• [DATA SHOWN]
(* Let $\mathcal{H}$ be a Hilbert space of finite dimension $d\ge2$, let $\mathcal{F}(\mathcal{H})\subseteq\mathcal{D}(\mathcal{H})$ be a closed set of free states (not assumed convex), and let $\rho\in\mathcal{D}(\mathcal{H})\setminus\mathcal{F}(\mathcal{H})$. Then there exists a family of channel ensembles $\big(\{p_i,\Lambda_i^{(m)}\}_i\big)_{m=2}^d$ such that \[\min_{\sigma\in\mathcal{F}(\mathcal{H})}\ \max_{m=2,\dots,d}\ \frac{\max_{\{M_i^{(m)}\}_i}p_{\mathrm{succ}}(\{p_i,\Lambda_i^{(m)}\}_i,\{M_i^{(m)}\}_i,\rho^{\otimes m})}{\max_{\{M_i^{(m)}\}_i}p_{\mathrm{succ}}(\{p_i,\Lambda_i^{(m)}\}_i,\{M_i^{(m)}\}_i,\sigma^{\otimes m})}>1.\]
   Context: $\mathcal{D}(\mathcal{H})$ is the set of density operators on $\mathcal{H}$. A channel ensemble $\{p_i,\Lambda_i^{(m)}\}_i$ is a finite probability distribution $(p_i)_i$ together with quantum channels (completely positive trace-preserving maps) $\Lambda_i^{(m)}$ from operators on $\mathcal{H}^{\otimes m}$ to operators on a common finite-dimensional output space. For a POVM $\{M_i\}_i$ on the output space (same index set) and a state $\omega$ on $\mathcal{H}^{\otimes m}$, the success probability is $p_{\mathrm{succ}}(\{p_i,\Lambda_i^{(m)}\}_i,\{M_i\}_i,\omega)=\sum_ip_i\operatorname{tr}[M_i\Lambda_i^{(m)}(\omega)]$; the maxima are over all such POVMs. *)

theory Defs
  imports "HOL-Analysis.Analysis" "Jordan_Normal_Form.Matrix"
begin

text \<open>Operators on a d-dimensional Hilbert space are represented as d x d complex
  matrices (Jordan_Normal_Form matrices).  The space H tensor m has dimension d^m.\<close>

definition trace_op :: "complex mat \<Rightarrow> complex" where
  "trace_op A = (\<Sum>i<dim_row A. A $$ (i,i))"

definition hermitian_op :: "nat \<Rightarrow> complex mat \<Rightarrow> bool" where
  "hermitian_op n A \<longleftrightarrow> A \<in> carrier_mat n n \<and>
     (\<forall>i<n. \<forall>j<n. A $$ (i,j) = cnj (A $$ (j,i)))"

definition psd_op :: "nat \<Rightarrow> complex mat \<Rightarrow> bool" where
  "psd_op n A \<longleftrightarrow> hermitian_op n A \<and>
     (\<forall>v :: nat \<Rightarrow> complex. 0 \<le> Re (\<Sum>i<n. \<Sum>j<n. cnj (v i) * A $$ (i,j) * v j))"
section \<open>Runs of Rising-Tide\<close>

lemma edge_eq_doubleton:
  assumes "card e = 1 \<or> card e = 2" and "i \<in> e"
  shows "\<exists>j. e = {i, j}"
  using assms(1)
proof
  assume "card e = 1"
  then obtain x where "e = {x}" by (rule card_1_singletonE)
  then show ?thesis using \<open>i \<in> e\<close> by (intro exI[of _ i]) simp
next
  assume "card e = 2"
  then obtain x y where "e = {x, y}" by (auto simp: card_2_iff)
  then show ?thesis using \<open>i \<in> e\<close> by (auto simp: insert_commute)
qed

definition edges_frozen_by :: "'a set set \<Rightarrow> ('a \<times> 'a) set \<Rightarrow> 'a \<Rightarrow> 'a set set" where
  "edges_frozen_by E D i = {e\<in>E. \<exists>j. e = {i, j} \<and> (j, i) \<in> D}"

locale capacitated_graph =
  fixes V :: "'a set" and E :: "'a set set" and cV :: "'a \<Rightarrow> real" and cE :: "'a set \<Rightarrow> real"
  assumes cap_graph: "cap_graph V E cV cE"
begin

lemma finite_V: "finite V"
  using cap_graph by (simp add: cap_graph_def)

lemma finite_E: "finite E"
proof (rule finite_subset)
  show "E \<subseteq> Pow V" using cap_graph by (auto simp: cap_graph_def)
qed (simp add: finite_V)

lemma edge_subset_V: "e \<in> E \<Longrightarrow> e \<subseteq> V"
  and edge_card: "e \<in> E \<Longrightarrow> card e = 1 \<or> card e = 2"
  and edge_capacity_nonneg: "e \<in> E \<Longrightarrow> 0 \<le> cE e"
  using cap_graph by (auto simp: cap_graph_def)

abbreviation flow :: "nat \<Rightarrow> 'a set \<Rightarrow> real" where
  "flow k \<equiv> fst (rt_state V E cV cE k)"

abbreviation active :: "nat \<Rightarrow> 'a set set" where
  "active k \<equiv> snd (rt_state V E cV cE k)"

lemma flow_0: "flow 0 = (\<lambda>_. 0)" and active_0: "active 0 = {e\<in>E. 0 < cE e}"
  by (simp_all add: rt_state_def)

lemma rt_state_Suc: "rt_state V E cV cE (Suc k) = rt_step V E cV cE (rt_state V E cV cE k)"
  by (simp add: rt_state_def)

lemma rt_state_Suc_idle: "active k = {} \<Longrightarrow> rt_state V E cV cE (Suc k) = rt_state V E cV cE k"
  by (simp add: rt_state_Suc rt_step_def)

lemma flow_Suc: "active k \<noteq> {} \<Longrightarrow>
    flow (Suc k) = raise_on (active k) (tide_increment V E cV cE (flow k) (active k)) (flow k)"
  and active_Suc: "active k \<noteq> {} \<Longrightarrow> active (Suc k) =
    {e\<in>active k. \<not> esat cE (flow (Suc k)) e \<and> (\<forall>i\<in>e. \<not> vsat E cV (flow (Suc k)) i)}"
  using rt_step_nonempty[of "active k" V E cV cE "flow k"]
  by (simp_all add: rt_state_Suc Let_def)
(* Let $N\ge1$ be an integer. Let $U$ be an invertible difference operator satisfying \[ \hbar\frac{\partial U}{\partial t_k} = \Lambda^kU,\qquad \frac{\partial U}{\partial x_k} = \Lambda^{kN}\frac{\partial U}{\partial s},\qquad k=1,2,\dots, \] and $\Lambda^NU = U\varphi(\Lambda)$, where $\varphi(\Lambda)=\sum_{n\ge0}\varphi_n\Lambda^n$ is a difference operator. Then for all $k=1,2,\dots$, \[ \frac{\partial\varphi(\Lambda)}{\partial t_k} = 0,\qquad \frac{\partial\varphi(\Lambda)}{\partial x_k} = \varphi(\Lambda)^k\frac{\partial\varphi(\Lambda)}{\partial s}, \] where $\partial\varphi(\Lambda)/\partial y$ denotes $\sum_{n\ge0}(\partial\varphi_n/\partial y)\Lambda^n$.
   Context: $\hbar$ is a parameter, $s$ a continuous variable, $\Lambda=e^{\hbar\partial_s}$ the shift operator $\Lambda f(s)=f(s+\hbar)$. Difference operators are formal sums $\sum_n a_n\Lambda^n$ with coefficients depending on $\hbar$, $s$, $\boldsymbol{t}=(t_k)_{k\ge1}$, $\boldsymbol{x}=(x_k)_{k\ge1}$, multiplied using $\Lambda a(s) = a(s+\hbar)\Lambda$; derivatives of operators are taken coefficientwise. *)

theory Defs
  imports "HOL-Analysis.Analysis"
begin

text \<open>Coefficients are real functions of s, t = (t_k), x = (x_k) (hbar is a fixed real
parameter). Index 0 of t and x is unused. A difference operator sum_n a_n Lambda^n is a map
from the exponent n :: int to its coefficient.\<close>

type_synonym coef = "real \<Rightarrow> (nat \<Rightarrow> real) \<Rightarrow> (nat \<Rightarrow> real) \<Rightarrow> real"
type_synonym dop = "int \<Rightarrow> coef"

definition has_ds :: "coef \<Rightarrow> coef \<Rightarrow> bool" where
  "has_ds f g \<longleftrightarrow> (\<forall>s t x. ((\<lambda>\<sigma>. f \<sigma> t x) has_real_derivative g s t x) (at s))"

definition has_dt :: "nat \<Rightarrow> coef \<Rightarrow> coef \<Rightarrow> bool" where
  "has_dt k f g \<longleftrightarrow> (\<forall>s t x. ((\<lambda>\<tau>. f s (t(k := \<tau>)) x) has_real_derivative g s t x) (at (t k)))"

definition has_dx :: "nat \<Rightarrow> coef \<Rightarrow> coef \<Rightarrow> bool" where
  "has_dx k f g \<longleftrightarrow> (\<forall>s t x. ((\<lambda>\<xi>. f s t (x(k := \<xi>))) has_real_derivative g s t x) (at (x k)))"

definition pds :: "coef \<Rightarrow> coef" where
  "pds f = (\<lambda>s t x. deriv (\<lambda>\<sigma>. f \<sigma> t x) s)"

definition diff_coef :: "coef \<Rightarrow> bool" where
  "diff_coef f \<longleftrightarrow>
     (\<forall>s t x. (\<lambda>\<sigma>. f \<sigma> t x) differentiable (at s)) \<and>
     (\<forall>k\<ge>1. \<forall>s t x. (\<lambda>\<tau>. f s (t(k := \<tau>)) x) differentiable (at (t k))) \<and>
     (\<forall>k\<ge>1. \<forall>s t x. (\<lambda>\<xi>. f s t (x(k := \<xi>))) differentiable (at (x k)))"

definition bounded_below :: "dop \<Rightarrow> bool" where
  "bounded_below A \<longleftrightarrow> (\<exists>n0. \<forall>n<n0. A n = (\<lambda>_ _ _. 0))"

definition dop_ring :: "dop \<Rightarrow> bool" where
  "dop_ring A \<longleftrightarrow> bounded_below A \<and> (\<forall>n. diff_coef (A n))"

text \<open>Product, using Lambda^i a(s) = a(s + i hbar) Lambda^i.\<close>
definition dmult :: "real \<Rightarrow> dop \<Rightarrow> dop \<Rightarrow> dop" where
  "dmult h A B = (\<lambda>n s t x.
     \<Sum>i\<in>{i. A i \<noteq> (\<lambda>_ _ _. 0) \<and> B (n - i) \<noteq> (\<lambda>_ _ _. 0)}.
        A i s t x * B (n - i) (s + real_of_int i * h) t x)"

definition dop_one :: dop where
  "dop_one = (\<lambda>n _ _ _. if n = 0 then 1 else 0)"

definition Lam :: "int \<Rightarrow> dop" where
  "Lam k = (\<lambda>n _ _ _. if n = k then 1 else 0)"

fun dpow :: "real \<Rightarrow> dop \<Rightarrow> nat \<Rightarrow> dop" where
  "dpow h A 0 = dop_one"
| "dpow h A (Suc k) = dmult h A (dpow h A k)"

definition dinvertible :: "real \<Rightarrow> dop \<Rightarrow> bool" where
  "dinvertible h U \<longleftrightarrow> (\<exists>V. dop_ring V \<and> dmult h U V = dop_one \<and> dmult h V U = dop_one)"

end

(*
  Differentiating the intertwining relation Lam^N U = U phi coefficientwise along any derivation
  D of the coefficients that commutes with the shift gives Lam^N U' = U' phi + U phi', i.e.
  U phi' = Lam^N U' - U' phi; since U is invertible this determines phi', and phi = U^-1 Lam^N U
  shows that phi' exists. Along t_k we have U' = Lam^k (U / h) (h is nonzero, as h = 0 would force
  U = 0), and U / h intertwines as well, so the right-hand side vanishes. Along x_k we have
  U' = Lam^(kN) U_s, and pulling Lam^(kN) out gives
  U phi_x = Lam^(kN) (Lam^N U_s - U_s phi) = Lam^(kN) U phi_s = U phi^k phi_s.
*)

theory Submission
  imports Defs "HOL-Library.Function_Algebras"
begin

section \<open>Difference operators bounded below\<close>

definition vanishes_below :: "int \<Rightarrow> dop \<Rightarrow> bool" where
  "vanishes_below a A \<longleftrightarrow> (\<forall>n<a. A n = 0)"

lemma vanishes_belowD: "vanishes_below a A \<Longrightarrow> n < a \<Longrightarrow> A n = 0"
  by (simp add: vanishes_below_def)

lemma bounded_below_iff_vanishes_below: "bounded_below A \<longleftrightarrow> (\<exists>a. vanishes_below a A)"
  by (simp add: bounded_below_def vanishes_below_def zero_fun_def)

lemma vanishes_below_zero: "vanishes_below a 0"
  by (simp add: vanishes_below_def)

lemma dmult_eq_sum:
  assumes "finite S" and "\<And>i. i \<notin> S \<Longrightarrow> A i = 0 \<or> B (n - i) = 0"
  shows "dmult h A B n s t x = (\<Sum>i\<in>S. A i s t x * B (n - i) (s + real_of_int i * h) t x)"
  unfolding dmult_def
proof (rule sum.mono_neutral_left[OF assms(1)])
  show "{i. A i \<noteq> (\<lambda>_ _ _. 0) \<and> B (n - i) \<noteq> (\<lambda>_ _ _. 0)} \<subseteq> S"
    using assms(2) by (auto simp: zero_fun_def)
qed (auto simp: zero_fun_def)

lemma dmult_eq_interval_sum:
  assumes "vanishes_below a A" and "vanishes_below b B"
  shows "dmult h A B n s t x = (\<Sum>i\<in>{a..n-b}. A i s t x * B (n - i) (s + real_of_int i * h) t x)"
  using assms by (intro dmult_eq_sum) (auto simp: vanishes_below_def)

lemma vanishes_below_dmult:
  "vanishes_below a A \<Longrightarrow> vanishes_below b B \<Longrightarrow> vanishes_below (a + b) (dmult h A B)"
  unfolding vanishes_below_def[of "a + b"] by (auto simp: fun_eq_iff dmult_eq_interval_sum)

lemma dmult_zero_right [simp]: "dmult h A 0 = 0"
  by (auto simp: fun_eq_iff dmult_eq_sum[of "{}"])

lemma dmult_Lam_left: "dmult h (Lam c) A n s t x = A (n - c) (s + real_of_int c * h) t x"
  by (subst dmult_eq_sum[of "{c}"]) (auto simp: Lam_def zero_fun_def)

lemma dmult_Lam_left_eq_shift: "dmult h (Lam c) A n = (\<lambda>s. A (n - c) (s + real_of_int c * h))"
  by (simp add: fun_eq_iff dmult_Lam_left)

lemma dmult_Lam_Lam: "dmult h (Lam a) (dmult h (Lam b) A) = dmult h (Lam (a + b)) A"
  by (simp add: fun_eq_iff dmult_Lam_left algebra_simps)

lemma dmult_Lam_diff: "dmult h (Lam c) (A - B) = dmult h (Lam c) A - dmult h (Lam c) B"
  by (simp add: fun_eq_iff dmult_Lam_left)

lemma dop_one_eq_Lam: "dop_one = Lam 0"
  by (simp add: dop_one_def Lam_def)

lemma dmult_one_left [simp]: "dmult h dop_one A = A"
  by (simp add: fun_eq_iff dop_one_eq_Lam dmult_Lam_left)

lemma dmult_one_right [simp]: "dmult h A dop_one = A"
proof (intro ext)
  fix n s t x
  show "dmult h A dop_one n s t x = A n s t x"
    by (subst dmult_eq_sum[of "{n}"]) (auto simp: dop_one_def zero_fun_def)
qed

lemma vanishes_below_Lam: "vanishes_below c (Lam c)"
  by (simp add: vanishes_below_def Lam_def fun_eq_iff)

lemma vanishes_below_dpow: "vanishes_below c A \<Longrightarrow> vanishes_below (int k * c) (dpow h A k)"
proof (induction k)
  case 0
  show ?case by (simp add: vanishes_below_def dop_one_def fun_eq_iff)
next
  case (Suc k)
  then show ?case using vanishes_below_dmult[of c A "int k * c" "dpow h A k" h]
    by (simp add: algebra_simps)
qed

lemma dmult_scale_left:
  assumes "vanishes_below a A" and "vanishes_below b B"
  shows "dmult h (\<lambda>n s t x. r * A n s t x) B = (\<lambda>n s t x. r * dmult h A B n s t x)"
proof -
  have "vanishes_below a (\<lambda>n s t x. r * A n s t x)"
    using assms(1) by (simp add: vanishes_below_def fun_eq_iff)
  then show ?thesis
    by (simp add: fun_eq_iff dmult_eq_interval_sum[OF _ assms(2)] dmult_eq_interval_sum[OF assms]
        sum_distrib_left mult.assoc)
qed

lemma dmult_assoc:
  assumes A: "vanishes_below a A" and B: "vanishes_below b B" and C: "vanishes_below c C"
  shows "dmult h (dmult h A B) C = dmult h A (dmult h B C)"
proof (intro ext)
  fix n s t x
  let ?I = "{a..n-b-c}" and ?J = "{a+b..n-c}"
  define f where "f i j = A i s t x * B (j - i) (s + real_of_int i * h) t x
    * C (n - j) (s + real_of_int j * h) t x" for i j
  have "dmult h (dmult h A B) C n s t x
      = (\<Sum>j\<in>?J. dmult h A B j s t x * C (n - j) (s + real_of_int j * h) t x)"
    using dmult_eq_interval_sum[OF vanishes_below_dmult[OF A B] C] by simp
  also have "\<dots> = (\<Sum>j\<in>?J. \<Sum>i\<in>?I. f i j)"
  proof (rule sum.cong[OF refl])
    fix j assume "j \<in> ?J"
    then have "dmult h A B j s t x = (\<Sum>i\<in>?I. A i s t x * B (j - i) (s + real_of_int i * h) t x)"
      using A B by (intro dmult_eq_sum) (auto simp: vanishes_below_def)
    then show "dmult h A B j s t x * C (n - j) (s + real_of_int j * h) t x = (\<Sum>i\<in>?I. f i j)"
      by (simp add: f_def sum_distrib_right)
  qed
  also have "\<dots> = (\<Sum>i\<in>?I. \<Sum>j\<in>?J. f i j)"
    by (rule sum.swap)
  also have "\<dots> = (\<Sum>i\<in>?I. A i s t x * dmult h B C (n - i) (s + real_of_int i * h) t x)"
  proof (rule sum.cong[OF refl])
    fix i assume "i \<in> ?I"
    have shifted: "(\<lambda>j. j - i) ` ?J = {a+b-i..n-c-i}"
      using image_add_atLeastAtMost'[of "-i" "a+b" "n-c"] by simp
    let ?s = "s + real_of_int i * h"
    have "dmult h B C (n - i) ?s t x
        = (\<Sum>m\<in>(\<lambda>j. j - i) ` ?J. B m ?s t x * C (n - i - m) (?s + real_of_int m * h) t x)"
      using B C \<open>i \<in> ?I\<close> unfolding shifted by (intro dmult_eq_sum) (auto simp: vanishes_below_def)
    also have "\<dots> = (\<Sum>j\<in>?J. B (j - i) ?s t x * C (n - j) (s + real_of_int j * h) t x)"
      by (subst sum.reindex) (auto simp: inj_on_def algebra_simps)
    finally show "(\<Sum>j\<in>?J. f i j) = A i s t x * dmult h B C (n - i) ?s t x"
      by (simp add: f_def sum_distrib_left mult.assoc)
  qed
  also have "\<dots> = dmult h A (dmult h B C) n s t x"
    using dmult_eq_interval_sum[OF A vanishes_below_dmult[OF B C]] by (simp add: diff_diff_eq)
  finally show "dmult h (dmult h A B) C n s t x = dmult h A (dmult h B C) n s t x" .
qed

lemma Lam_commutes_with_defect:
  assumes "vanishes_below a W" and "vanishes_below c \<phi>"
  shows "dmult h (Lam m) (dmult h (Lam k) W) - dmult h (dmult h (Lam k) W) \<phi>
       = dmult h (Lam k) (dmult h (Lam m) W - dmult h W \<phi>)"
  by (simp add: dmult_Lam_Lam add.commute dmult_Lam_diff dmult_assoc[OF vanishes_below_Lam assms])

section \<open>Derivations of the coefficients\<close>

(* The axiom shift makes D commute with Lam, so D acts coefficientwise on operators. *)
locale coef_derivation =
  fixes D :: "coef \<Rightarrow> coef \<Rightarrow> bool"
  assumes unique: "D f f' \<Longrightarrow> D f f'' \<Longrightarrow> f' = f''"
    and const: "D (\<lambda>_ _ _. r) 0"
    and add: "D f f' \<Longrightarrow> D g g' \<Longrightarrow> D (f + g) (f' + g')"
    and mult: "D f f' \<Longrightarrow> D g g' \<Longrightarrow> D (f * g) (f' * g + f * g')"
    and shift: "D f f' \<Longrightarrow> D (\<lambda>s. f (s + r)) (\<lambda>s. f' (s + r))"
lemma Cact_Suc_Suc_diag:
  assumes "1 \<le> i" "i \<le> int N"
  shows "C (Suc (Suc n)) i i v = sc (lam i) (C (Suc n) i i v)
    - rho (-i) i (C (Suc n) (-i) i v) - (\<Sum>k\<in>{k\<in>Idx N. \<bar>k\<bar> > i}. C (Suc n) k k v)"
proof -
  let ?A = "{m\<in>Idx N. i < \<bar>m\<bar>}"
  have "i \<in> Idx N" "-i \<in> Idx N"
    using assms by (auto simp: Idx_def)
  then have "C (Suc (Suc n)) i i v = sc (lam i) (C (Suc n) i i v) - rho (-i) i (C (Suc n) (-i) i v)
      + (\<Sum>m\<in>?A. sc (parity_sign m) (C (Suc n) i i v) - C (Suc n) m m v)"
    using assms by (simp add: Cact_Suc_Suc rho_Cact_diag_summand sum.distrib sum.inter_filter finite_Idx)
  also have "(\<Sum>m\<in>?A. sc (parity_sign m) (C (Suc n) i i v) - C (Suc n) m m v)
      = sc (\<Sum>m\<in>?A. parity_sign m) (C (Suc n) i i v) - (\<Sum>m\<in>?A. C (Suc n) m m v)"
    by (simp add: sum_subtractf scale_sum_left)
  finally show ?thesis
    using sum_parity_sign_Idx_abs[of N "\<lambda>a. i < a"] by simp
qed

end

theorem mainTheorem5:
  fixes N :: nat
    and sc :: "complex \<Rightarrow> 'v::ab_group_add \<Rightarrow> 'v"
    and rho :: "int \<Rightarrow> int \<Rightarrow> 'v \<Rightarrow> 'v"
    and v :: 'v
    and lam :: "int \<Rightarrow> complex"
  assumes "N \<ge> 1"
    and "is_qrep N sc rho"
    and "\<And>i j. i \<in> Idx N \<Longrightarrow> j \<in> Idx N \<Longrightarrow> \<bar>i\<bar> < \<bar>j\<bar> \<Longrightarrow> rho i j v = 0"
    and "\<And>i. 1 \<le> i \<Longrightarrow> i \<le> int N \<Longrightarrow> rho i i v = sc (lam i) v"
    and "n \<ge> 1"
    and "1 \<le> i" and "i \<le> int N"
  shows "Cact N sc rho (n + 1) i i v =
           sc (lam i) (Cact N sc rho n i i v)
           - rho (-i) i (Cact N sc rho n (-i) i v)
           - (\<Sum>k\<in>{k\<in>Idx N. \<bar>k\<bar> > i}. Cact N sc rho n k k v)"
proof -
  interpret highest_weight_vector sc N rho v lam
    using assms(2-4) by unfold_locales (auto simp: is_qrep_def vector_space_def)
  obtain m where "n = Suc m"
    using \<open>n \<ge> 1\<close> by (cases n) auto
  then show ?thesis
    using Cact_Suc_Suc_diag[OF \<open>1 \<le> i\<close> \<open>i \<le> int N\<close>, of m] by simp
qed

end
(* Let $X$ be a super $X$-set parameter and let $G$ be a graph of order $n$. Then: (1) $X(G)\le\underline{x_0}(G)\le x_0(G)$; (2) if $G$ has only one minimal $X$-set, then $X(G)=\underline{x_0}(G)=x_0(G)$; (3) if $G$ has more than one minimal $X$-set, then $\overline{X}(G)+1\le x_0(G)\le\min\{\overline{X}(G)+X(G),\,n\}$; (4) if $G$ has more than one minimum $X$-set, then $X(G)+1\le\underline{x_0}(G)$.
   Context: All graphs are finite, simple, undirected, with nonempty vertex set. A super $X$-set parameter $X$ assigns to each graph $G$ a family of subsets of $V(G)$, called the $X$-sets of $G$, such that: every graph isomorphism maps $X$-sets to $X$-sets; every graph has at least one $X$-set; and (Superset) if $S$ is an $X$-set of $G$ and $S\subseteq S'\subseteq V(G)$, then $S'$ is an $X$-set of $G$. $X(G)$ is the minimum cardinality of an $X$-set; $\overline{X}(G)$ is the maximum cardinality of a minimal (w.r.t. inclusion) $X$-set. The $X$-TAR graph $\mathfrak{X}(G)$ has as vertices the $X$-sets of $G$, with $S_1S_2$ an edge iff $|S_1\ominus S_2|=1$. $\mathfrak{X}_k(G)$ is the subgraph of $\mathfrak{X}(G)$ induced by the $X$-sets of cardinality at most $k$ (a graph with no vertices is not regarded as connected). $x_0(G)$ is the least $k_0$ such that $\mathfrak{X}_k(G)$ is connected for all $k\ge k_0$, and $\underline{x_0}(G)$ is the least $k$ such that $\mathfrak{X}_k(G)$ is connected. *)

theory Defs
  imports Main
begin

• [YOUR OBJECTIVE] In the data above, how many lines hold the word "Analysis"? Give only the number.

• [PROBLEM SOLUTION] 2